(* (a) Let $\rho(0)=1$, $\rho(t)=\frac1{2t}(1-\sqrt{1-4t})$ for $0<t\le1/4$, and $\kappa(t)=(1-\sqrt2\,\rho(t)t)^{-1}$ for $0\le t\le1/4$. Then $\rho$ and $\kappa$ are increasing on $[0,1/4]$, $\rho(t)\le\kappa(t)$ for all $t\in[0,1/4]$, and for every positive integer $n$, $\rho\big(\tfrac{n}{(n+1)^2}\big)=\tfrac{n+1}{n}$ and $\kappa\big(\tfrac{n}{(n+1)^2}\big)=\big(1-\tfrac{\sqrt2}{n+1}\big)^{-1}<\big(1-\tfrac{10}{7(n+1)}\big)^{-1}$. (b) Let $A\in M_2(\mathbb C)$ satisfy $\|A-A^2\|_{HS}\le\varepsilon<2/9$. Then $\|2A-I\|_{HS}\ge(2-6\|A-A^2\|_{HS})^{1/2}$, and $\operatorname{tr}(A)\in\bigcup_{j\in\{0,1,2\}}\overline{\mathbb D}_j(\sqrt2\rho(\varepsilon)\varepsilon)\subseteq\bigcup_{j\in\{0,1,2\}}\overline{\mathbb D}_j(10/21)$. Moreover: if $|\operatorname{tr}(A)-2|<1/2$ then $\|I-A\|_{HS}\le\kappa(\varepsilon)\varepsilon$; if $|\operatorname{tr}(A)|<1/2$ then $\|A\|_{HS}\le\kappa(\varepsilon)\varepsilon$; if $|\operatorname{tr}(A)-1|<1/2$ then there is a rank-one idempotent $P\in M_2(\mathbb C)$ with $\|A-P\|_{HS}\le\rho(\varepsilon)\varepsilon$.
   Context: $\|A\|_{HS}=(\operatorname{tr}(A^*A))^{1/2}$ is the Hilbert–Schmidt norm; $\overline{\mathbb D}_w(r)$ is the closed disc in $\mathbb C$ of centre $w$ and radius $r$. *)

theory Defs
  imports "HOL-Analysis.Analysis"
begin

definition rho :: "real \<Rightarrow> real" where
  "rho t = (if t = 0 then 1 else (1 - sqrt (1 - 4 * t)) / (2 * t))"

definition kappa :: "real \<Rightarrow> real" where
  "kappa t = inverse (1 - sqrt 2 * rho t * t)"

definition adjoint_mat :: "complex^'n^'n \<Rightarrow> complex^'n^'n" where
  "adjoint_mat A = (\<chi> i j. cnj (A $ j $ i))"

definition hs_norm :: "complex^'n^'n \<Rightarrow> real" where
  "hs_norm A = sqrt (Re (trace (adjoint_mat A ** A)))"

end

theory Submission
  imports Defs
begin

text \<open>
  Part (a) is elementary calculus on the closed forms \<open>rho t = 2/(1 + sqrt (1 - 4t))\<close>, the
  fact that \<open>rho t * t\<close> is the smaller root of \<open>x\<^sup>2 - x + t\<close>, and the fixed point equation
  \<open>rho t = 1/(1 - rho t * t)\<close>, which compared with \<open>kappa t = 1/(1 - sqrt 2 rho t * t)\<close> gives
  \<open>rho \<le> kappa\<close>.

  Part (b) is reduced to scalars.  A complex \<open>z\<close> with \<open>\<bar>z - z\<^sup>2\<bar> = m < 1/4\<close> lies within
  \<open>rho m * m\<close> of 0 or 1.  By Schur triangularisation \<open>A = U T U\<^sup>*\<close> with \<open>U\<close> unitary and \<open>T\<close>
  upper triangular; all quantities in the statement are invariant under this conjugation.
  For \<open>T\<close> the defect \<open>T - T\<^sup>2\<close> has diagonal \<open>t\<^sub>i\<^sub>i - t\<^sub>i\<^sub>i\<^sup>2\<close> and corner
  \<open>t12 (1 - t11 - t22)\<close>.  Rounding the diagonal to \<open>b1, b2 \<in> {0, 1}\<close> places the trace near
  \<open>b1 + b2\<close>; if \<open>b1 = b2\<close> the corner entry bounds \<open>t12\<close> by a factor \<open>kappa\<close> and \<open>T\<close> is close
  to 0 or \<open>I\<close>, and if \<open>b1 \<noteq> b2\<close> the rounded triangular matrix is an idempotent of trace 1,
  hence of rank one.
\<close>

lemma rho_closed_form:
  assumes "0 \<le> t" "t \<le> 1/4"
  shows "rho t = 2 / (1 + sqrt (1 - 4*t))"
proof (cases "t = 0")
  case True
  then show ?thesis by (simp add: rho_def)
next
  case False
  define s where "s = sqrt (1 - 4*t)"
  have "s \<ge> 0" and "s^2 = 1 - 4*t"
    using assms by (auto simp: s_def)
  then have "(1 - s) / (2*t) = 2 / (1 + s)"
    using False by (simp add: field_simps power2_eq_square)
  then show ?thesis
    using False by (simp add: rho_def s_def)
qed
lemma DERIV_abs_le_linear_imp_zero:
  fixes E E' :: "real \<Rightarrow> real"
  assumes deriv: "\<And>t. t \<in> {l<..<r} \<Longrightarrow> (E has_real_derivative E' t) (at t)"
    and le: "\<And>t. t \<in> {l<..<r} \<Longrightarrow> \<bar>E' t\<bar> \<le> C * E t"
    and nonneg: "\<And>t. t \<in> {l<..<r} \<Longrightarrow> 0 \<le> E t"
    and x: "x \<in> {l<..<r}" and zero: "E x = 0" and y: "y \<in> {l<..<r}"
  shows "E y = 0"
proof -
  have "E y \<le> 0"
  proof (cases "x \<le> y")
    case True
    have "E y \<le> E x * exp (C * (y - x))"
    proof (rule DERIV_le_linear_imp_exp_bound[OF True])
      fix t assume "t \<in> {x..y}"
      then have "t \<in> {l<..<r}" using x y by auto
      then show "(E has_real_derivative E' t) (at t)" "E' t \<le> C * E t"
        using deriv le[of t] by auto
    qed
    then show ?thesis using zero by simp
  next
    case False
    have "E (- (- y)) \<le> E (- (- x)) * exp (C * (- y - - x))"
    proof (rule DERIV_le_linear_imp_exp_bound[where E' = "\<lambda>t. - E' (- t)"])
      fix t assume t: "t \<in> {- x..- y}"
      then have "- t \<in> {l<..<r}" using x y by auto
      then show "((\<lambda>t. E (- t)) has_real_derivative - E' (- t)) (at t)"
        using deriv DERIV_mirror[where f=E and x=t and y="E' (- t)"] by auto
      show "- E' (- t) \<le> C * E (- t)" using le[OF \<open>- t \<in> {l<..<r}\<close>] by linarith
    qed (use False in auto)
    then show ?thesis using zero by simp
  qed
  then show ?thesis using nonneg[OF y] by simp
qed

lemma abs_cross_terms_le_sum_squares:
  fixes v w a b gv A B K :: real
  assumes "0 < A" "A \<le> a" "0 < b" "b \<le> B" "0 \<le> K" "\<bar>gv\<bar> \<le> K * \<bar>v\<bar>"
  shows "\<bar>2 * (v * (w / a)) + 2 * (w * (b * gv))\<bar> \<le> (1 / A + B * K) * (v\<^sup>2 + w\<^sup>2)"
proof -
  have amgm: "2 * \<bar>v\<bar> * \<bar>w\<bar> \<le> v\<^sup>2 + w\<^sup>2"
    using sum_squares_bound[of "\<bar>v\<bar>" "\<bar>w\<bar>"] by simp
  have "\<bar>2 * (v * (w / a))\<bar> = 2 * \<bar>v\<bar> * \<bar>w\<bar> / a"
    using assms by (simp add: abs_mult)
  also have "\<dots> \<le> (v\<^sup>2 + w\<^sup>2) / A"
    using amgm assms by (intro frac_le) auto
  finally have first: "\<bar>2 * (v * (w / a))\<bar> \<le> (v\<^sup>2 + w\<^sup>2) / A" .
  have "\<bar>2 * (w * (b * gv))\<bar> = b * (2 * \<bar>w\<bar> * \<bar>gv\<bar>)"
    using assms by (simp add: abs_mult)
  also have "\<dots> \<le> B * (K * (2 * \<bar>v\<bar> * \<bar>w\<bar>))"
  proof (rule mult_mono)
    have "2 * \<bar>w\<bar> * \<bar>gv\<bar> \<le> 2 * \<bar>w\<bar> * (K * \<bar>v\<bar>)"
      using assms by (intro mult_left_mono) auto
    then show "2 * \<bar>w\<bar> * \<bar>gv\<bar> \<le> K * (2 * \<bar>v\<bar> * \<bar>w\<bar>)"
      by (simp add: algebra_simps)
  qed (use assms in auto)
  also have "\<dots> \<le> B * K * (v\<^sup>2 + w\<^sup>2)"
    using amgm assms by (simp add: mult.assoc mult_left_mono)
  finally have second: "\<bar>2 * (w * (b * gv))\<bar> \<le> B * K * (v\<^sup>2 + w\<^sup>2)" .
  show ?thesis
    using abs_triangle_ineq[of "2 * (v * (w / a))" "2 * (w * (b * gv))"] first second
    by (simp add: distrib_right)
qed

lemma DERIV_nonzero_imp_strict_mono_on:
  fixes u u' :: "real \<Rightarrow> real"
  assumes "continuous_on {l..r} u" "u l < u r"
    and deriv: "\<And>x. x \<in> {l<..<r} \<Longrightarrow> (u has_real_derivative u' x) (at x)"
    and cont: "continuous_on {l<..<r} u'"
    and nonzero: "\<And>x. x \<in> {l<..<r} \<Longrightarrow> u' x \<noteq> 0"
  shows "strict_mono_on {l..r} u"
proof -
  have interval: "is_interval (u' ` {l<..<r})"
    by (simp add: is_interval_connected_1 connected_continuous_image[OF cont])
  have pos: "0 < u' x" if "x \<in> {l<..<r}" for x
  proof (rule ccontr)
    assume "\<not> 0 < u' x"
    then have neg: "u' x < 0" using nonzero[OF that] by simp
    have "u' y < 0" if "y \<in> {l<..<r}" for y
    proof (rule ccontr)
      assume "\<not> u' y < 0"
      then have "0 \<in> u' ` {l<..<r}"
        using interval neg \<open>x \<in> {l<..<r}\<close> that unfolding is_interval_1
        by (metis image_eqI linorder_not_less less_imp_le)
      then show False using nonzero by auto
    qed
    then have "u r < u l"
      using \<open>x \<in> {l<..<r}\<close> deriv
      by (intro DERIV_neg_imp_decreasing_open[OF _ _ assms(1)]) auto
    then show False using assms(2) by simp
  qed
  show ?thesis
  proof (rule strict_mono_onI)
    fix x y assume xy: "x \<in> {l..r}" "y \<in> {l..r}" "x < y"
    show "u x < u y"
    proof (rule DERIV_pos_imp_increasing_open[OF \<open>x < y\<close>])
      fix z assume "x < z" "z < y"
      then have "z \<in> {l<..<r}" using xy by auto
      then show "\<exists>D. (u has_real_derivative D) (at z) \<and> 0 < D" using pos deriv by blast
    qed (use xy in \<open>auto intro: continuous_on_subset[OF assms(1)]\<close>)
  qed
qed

How to complete this task: Above are the records. Copy every line in them holding "True".

Written solution:
  case True
    case True
    proof (rule DERIV_le_linear_imp_exp_bound[OF True])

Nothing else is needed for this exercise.